If you leave him over this - my parting shot would be "If you think you can find some other woman who will put up with this miserable existence of being ruled by out of control SKIDS - you are most sadly mistaken. "

Delilah's picture

They sound like they are out of control and your DH is LAZY. Doing the bare minimal to get by and hes had great results from doing that!

I don't blame you for disengaging, its really sad for the skids as they sound angry little things, and tbh that type of behaviour and attitude is self destructive. You would think your DH cared enough about them to address it and listen to your advice with respect. That would be too much work though huh?

In all seriousness though, I wouldnt want them in my home if they were destroying it. There are few occasions when I state this and apply it to minor kids, however thats one thing I would NOT put up with. That and violence, stealing, abuse. I mean DH can go with them elsewhere.

Not sure where you go from if your extreme disengagement doesnt work. Perhaps the above suggestion is an option, although I appreciate its really really hard when all you want to do is HELP your DH and skids, and make things better for everyone. It would be hard enough IF DH was a hands on firm disciplinarian having to address this behaviour, however when he just rolls over then all you can do is protect you and yours.

oneoffour's picture

What is even moderately attractive about this man?

My DH drives me crazy sometimes. But if he EVER thought to tell me I have to love his children despite their appalling behaviour towards me and absolute disresepct for the roof I put over their heads and really has nothing but a peripheral concern about his kids health, welfare and education I would be getting counselling and possibly an attorney.

I am not pro divorce. My divorce was thrust upon me by my ex 'in his Midlife Crisis on steroids'. But sometimes all the good stuff when you are alone is negated in the first snotty kid-reply to an innocent question. Then he doesn't support you? Please tell me his attractiveness is losing ground fast.

I would tell him counselling is on the books in the immediate future.
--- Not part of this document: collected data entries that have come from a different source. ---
(* Let $u,v\in\mathbb{N}$. Let $M$ be a finite $u\times v$ matrix which is image partition regular over $\mathbb{N}$, and let $N$ be an infinite ($\omega\times\omega$) matrix which is image partition regular near $0$ over a dense subsemigroup $S$ of $((0,\infty),+)$. Then the block matrix \[\begin{pmatrix} M & O\\ O & N\end{pmatrix}\] (where the $O$ denote zero matrices of the appropriate sizes) is image partition regular near $0$ over $S$.
   Context: Matrices have rational entries, and each row of an infinite matrix has only finitely many nonzero entries (so that $A\vec{x}$ is defined). A $u\times v$ matrix $A$ with $u,v\in\mathbb{N}$ is image partition regular over $\mathbb{N}$ if whenever $\mathbb{N}$ is partitioned into finitely many cells $\mathbb{N}=\bigcup_{i=1}^r C_i$, there exist $i$ and $\vec{x}\in\mathbb{N}^v$ such that all entries of $A\vec{x}$ lie in $C_i$. For $S$ a dense subsemigroup of $((0,\infty),+)$ and $A$ a $u\times v$ matrix with $u,v\in\mathbb{N}\cup\{\omega\}$, $A$ is image partition regular near $0$ over $S$ if whenever $S=\bigcup_{i=1}^r C_i$ is a finite partition and $\delta>0$, there exist $i\in\{1,\dots,r\}$ and $\vec{x}\in S^v$ such that all entries of $A\vec{x}$ lie in $C_i\cap(0,\delta)$. *)

theory Defs
  imports Complex_Main
begin
lemma out_seq_pmf_snoc_log_le:
  fixes e :: "nat \<Rightarrow> 's list \<Rightarrow> 'x" and y :: 'y
  assumes r: "\<And>y. 0 < r y" and "length ys = n"
  defines "P \<equiv> out_seq_pmf e n ys" and "P' \<equiv> out_seq_pmf e (Suc n) (ys @ [y])"
  shows "P' * log 2 (P' / (P * r y))
    \<le> (\<Sum>ss\<in>seqs n. \<Sum>zs\<in>seqs n. path_prob e n ss ys zs * (WY (e n ss) y * log 2 (WY (e n ss) y / r y)))"
proof -
  define a b where "a = (\<lambda>p. path_prob e n (fst p) ys (snd p) * WY (e n (fst p)) y)"
    and "b = (\<lambda>p. path_prob e n (fst p) ys (snd p) * r y)"
  have "P' = sum a (seqs n \<times> seqs n)"
    unfolding P'_def a_def by (simp add: out_seq_pmf_snoc[OF \<open>length ys = n\<close>] sum.cartesian_product')
  moreover have "P * r y = sum b (seqs n \<times> seqs n)"
    unfolding P_def b_def by (simp add: out_seq_pmf_def sum.cartesian_product' sum_distrib_right)
  moreover have "sum a (seqs n \<times> seqs n) * log 2 (sum a (seqs n \<times> seqs n) / sum b (seqs n \<times> seqs n))
      \<le> (\<Sum>p\<in>seqs n \<times> seqs n. a p * log 2 (a p / b p))"
    using r[of y] path_prob_nonneg WY_nonneg
    by (intro log_sum_inequality) (auto simp: a_def b_def less_imp_le)
  moreover have "a p * log 2 (a p / b p)
      = path_prob e n (fst p) ys (snd p) * (WY (e n (fst p)) y * log 2 (WY (e n (fst p)) y / r y))" for p
    by (cases "path_prob e n (fst p) ys (snd p) = 0") (auto simp: a_def b_def)
  ultimately show ?thesis
    by (simp add: sum.cartesian_product')
qed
Look at Daisy. She went to a counsellor with her husband who got read the counsellors riot act about how he is harming his child and his marriage. Please try.

LRP75's picture

^ THIS 100% ^

Last night was the straw that broke the camels back in me being able to compartmentalize this crap. Our time alone together has been slowly tainted by this situation. I can no longer pretend that they even separate issues.
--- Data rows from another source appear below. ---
lemma tendsto_cutoff:
  assumes "open B" and "B \<noteq> UNIV"
  shows "(\<lambda>k. cutoff k B x) \<longlonglongrightarrow> indicator B x"
proof (cases "x \<in> B")
  case True
  have d: "0 < infdist x (- B)"
    using True assms by (intro infdist_pos_not_in_closed) auto
  then obtain N :: nat where N: "1 < real N * infdist x (- B)"
    using reals_Archimedean3 by blast
  have "cutoff k B x = indicator B x" if "N \<le> k" for k
  proof -
    have "real N * infdist x (- B) \<le> real k * infdist x (- B)"
      using that d by (intro mult_right_mono) auto
    then show ?thesis
      using N True by (simp add: cutoff_def)
  qed
  then show ?thesis
    by (intro tendsto_eventually eventually_sequentiallyI)
next
  case False
  then show ?thesis by (simp add: cutoff_def)
qed

lemma (in prob_space) borel_measurable_cf_vector:
  assumes [measurable]: "X \<in> borel_measurable M"
  shows "(\<lambda>t::'v::euclidean_space. CLINT \<omega>|M. exp (\<i> * complex_of_real (t \<bullet> X \<omega>))) \<in> borel_measurable borel"
proof (rule borel_measurable_lebesgue_integral)
  show "(\<lambda>(t, \<omega>). exp (\<i> * complex_of_real (t \<bullet> X \<omega>))) \<in> borel_measurable (borel \<Otimes>\<^sub>M M)"
    by measurable
qed

locale random_vector_integrable_cf = prob_space P for P :: "'w measure" +
  fixes X :: "'w \<Rightarrow> 'a::euclidean_space" and \<phi> :: "'a \<Rightarrow> complex"
  assumes random_vector[measurable]: "X \<in> borel_measurable P"
    and cf: "\<phi> t = (CLINT \<omega>|P. exp (\<i> * complex_of_real (t \<bullet> X \<omega>)))"
    and integrable_cf: "integrable lborel \<phi>"
begin

definition smoothed_density :: "real \<Rightarrow> 'a \<Rightarrow> real" where
  "smoothed_density \<sigma> x = (\<integral>\<omega>. gauss_kernel \<sigma> (x - X \<omega>) \<partial>P)"

text \<open>Taking the real part loses nothing, see \<open>fourier_transform_cf_real\<close>.\<close>

definition inversion_density :: "'a \<Rightarrow> real" where
  "inversion_density x = Re (fourier_transform \<phi> x) / (2 * pi) ^ DIM('a)"

definition density_bound :: real where
  "density_bound = (\<integral>t. norm (\<phi> t) \<partial>lborel) / (2 * pi) ^ DIM('a)"

lemma density_bound_nonneg: "0 \<le> density_bound"
  unfolding density_bound_def by (simp add: Bochner_Integration.integral_nonneg)

lemma borel_measurable_smoothed_density[measurable]: "smoothed_density \<sigma> \<in> borel_measurable borel"
  unfolding smoothed_density_def[abs_def] by measurable

lemma smoothed_density_nonneg: "0 \<le> smoothed_density \<sigma> x"
  unfolding smoothed_density_def by (intro Bochner_Integration.integral_nonneg gauss_kernel_nonneg)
He is demonizing me instead of recognizing HIS bad parenting.

I refuse to be a scapegoat.

I am flaming mad.

Hanny's picture

I don't know how you can stay in a marriage like this. Do you and DH ever have any fun together? Do you enjoy each other's company? I didn't read any of your other blogs, but how often do you have his kids? I don't understand how people can live detached, if they have the skids 50%. That is half of your life detaching and ignoring people around you. I'm not sure it would be worth it to me. But then again, SO's daughter is graduating this week from HS and will be going to college in fall. We did not live together until last year, when she started having a life and was seldom around. I refused to live with him and have to ignore people around me every weekend. So our happy medium was for me to do what I pleased on weekends, and we spent our time together during the week when skids were with their mom. Just my opinion.

LRP75's picture

Yes, we have lots of fun together. And yes, we do enjoy each others company. Tremendously.

His kids are usually only with us EOW. He tries to have them one at a time, because they are controlled much easier if it's just one of them. So having the skids in our home, isn't something that we have to deal with a whole lot. However, it is just that when they are in our home, life IS unbearable.